→ **Exercise description**
Work out how many lines of the listing hold "define" and return that number by itself.
── Data to use ──
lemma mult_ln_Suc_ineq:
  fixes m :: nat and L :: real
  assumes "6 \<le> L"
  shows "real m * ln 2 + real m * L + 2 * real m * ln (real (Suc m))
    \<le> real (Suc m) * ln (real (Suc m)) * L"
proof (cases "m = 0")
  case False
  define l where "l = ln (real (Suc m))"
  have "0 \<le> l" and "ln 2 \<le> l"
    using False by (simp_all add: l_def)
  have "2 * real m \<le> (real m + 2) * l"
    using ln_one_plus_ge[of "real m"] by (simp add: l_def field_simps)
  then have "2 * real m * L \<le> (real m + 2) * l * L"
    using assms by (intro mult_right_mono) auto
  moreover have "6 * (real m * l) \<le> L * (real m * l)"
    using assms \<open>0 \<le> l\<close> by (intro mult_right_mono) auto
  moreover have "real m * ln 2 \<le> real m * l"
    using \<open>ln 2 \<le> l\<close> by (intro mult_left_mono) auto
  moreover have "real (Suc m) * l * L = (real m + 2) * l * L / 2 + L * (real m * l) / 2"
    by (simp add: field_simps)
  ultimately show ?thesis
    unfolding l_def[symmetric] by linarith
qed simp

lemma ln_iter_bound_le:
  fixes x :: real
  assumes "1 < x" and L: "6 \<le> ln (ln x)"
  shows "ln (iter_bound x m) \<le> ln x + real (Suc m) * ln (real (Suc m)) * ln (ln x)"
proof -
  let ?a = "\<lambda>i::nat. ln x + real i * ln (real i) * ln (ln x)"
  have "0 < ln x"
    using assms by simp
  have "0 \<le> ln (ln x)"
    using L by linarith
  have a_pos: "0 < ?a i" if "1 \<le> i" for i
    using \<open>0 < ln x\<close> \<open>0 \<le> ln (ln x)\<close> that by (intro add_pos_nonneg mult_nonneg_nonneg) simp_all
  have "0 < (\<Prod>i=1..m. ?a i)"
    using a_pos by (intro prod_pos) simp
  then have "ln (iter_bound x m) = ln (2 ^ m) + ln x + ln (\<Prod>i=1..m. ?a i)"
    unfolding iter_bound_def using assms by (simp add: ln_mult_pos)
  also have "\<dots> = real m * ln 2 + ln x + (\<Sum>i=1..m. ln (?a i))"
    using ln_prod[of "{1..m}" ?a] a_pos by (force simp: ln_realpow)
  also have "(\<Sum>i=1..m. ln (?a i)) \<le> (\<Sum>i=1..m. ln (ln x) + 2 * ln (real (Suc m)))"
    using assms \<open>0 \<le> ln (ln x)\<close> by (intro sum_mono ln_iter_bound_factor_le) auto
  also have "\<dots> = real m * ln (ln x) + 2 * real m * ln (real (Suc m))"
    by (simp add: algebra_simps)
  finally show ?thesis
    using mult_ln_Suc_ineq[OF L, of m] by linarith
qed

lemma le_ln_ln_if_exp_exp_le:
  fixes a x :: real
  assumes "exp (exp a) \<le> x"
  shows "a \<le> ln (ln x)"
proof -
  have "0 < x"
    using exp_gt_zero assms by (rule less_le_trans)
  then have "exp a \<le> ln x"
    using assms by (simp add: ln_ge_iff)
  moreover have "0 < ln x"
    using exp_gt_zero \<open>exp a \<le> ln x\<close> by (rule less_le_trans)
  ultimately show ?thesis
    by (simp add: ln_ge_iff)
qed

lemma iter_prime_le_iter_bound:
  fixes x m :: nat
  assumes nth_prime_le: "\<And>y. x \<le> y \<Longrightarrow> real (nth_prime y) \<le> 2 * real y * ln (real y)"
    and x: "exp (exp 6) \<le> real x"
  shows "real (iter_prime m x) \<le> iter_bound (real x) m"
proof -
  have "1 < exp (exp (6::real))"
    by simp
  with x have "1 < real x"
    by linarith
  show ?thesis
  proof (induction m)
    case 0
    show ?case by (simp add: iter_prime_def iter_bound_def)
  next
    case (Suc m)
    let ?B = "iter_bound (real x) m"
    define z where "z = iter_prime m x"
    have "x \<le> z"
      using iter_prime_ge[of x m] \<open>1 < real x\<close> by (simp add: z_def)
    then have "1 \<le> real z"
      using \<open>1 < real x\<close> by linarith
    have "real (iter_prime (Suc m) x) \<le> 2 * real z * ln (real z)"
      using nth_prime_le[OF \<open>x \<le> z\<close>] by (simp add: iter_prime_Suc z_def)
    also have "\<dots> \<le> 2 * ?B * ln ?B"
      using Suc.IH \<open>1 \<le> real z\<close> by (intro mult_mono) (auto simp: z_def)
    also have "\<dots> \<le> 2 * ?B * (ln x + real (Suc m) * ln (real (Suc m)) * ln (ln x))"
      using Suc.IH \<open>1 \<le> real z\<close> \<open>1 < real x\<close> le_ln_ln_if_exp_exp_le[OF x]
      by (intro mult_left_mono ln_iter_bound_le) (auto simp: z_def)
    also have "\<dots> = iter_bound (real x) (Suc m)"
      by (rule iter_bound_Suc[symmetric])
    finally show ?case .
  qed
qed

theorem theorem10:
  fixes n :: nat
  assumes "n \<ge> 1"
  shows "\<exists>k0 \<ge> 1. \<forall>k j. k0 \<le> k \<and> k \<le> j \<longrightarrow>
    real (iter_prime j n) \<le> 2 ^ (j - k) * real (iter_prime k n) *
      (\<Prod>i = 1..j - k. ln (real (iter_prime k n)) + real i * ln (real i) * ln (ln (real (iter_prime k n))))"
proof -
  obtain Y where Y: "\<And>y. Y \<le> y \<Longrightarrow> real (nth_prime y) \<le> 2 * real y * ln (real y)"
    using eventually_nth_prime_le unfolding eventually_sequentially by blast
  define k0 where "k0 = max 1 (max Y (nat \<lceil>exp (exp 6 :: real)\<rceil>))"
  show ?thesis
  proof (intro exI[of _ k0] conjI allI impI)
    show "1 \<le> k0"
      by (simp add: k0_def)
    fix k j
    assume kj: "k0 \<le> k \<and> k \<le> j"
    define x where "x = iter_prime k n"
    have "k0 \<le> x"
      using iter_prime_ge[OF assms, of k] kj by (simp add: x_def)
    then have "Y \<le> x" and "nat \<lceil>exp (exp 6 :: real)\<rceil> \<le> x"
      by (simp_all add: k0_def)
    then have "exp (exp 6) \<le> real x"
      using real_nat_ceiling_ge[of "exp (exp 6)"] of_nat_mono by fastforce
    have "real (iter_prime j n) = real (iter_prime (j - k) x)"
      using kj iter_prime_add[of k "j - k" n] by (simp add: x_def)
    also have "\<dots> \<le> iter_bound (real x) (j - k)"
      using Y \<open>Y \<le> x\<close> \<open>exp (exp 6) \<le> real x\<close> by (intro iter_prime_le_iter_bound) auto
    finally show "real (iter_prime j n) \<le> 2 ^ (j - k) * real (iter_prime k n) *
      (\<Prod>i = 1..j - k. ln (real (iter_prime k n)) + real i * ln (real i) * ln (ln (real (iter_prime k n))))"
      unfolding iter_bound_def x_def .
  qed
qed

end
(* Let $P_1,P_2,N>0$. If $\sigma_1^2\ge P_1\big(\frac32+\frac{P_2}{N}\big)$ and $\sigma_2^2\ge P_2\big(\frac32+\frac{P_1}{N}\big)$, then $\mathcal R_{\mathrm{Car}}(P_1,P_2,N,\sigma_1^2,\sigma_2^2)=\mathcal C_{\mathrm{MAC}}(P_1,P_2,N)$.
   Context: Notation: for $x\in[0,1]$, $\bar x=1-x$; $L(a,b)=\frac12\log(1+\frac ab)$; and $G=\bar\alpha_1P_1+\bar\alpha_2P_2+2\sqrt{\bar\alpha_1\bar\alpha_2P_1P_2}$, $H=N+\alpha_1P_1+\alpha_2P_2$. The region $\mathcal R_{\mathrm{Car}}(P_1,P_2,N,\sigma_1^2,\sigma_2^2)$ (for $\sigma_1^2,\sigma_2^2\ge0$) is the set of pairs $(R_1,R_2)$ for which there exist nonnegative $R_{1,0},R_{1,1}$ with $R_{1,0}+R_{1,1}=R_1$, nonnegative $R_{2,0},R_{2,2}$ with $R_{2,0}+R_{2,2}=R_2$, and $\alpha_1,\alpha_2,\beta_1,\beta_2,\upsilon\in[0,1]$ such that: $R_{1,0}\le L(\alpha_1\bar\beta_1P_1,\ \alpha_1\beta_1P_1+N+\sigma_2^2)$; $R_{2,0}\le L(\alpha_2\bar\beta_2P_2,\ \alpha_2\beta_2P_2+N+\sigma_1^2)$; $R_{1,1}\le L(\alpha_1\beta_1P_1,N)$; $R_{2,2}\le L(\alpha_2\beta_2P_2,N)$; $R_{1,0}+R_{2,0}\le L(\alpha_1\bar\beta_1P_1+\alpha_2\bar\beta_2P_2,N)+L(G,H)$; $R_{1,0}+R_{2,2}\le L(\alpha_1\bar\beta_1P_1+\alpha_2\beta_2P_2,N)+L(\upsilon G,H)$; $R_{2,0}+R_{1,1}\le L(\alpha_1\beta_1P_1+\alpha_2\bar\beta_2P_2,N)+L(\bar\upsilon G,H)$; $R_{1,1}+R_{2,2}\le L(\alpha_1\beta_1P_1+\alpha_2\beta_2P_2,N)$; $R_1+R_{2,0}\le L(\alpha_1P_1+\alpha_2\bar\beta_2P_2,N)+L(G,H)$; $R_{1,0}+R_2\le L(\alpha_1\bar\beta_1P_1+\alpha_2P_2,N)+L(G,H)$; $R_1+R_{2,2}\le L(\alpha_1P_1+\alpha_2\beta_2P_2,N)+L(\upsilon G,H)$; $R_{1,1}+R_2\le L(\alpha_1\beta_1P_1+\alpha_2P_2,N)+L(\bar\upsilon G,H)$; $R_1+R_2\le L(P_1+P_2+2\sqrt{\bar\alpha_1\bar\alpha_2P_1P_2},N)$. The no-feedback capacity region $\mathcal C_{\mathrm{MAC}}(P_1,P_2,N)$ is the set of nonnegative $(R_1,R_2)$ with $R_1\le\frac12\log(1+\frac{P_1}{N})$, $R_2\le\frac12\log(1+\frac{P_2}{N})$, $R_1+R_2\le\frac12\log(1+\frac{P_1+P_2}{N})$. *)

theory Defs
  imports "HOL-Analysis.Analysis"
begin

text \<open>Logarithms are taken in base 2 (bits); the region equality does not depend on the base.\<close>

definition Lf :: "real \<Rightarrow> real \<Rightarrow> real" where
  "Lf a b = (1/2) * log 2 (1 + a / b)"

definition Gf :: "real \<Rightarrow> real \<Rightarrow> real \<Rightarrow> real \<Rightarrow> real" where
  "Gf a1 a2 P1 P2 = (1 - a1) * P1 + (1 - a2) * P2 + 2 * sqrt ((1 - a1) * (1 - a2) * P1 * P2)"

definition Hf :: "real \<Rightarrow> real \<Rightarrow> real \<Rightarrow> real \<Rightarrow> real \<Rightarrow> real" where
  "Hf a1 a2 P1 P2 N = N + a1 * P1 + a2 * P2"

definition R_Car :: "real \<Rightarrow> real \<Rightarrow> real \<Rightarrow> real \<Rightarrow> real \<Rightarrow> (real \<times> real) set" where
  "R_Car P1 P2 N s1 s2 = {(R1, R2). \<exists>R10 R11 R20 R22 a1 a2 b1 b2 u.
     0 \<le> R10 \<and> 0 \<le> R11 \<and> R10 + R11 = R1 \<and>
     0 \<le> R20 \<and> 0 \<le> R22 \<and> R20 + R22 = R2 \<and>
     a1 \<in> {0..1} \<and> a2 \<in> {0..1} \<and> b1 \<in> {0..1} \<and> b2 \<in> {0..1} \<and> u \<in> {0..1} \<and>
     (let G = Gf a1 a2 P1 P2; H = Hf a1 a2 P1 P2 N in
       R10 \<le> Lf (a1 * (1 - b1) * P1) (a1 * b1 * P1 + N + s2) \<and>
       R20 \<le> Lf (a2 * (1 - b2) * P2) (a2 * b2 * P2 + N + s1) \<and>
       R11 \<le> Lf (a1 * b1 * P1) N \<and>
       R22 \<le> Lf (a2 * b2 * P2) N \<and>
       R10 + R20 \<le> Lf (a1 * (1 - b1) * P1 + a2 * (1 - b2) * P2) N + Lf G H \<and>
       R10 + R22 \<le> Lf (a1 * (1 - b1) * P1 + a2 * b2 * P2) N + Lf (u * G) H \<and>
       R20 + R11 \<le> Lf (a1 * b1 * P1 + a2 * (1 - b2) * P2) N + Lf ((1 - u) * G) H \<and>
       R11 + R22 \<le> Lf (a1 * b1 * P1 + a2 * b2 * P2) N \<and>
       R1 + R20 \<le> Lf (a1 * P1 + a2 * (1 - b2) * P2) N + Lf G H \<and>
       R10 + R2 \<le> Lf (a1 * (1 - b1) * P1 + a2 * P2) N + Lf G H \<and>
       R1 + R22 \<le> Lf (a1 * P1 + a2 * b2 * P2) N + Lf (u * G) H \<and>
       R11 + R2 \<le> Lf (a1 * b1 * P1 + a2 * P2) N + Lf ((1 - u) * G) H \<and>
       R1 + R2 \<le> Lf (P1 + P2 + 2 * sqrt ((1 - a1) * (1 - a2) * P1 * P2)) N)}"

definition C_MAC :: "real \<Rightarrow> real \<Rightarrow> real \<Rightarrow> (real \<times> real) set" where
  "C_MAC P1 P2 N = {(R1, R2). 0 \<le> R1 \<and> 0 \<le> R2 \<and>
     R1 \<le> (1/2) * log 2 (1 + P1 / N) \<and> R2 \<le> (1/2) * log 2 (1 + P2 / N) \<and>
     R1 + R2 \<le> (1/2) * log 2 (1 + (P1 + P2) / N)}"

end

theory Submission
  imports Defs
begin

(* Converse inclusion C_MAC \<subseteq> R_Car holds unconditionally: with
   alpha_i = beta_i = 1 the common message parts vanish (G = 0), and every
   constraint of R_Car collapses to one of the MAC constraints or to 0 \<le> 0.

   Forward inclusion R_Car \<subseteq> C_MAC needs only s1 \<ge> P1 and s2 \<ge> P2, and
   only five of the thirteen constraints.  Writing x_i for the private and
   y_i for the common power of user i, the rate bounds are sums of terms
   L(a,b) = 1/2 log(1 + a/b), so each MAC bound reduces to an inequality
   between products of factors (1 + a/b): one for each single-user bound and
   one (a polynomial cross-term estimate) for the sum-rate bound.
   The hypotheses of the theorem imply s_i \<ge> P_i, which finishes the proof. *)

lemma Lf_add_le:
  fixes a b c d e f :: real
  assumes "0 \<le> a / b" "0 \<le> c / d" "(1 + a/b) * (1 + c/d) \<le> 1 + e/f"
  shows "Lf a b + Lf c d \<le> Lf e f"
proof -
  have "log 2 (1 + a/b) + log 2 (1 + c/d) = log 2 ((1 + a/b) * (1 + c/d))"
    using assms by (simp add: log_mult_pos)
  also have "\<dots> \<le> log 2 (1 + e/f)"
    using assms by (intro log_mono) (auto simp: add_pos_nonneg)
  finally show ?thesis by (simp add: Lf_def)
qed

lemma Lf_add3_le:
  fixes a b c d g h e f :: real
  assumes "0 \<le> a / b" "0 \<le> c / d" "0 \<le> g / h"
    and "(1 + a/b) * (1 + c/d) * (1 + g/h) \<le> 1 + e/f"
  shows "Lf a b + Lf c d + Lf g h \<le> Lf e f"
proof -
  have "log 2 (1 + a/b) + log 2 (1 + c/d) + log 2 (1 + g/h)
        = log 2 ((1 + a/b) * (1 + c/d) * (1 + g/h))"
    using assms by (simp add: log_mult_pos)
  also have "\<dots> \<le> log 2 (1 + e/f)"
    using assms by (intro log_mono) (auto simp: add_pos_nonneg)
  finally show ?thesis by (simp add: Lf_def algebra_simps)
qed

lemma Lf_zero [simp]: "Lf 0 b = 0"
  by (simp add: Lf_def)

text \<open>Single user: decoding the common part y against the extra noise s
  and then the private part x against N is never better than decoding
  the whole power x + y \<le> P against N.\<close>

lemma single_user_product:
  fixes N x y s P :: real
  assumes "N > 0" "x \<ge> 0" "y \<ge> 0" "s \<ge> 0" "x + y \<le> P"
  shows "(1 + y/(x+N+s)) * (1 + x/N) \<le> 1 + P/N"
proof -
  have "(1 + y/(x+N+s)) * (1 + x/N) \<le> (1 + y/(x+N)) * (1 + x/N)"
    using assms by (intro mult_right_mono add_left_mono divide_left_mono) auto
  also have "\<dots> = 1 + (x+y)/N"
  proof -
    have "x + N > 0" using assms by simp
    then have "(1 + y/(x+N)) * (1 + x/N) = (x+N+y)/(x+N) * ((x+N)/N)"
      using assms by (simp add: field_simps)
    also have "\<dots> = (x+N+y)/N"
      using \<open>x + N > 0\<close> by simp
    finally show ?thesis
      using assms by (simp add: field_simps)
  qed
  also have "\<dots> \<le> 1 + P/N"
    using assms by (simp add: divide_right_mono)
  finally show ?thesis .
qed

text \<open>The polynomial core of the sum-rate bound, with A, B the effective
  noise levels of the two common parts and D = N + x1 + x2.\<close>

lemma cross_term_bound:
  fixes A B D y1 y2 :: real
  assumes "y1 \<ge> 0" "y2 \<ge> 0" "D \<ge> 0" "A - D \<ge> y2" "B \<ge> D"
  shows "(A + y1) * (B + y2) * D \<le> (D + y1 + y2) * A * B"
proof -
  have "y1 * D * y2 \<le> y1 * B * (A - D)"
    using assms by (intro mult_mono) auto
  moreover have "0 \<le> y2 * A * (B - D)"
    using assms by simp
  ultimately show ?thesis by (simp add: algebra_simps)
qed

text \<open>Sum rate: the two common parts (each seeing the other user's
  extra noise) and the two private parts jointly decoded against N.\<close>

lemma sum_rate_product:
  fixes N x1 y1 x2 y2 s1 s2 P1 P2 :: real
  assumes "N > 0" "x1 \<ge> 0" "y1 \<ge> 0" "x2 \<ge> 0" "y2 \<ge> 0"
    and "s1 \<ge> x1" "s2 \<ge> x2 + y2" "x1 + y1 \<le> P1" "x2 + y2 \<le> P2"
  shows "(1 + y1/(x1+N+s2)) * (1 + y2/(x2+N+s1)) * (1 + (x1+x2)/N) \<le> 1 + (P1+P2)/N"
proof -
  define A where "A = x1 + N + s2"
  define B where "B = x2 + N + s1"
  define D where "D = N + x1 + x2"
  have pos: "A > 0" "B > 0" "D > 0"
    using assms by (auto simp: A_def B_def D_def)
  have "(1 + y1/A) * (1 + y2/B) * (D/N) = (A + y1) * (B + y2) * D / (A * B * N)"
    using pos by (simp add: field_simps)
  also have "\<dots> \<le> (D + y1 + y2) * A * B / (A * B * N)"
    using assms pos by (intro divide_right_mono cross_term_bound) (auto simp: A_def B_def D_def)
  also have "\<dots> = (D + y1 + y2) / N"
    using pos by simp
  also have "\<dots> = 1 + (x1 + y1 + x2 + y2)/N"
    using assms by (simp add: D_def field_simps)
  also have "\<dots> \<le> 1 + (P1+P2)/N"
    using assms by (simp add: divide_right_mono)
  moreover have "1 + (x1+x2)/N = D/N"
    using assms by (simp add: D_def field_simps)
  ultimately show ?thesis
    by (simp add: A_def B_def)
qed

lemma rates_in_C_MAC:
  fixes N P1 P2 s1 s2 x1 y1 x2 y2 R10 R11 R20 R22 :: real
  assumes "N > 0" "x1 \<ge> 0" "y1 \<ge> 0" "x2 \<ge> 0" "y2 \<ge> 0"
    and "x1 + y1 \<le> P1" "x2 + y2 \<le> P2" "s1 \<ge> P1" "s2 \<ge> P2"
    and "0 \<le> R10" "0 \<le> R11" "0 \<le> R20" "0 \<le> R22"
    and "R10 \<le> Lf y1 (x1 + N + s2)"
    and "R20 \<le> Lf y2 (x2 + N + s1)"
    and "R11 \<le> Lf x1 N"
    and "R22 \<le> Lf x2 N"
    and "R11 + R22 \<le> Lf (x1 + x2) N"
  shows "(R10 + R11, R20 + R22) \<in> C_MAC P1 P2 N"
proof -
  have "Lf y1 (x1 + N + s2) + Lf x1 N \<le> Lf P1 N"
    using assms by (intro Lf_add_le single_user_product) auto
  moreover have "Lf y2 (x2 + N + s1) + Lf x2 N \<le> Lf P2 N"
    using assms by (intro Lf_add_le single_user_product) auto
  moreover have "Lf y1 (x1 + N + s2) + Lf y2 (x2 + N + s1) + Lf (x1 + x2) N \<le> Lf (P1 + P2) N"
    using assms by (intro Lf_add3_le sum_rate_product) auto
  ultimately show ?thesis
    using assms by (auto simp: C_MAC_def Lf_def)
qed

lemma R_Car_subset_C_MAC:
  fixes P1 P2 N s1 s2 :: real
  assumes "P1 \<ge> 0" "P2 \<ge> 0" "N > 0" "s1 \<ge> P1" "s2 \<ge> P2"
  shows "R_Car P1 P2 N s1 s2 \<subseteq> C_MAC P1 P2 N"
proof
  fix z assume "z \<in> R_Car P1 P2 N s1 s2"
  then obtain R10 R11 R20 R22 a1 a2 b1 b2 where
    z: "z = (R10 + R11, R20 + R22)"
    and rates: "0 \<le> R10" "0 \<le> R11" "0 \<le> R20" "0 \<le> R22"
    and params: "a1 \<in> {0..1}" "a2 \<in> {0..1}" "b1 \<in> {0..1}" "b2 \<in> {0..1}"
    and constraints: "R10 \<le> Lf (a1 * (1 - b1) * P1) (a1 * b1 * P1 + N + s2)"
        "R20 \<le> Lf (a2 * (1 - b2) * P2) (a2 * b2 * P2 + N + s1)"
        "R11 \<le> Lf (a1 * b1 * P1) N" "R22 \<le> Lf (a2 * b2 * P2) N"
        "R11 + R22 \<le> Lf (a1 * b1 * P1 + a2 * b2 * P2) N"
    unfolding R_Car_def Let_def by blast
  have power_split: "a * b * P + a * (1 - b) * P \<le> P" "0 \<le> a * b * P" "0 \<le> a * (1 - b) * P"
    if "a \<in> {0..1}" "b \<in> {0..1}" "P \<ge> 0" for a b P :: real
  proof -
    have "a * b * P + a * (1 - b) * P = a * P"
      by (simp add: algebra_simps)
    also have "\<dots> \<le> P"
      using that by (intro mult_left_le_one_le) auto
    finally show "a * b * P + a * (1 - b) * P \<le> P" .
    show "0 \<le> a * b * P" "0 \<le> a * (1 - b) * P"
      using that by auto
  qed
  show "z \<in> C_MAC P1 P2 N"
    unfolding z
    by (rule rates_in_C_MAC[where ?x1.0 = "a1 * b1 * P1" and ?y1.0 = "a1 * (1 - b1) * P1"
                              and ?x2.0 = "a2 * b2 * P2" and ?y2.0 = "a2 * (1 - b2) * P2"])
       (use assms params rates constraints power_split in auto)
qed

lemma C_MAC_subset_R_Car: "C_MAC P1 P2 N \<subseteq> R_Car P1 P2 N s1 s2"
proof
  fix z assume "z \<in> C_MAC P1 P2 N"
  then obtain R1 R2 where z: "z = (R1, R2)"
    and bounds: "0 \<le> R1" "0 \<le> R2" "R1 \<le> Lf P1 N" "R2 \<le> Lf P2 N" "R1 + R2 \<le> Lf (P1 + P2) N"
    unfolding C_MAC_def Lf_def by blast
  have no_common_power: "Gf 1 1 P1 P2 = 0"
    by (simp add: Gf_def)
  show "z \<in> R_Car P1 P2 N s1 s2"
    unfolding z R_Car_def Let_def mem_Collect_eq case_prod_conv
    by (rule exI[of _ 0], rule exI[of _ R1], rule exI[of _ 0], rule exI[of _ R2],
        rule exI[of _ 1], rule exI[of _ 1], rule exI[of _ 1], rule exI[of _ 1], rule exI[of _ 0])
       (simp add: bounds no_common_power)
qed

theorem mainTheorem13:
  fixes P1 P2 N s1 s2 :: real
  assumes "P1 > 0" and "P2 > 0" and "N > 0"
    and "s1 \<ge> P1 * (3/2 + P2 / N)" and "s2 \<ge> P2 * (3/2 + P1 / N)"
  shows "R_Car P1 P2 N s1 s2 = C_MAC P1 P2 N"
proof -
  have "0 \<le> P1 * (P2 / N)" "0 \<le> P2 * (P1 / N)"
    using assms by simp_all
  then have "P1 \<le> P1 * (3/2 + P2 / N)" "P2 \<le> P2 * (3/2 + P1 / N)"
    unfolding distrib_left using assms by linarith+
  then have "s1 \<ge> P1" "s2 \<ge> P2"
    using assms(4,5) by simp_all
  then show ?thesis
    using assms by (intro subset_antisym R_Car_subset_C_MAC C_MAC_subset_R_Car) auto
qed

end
───
→ **Exercise answer**
7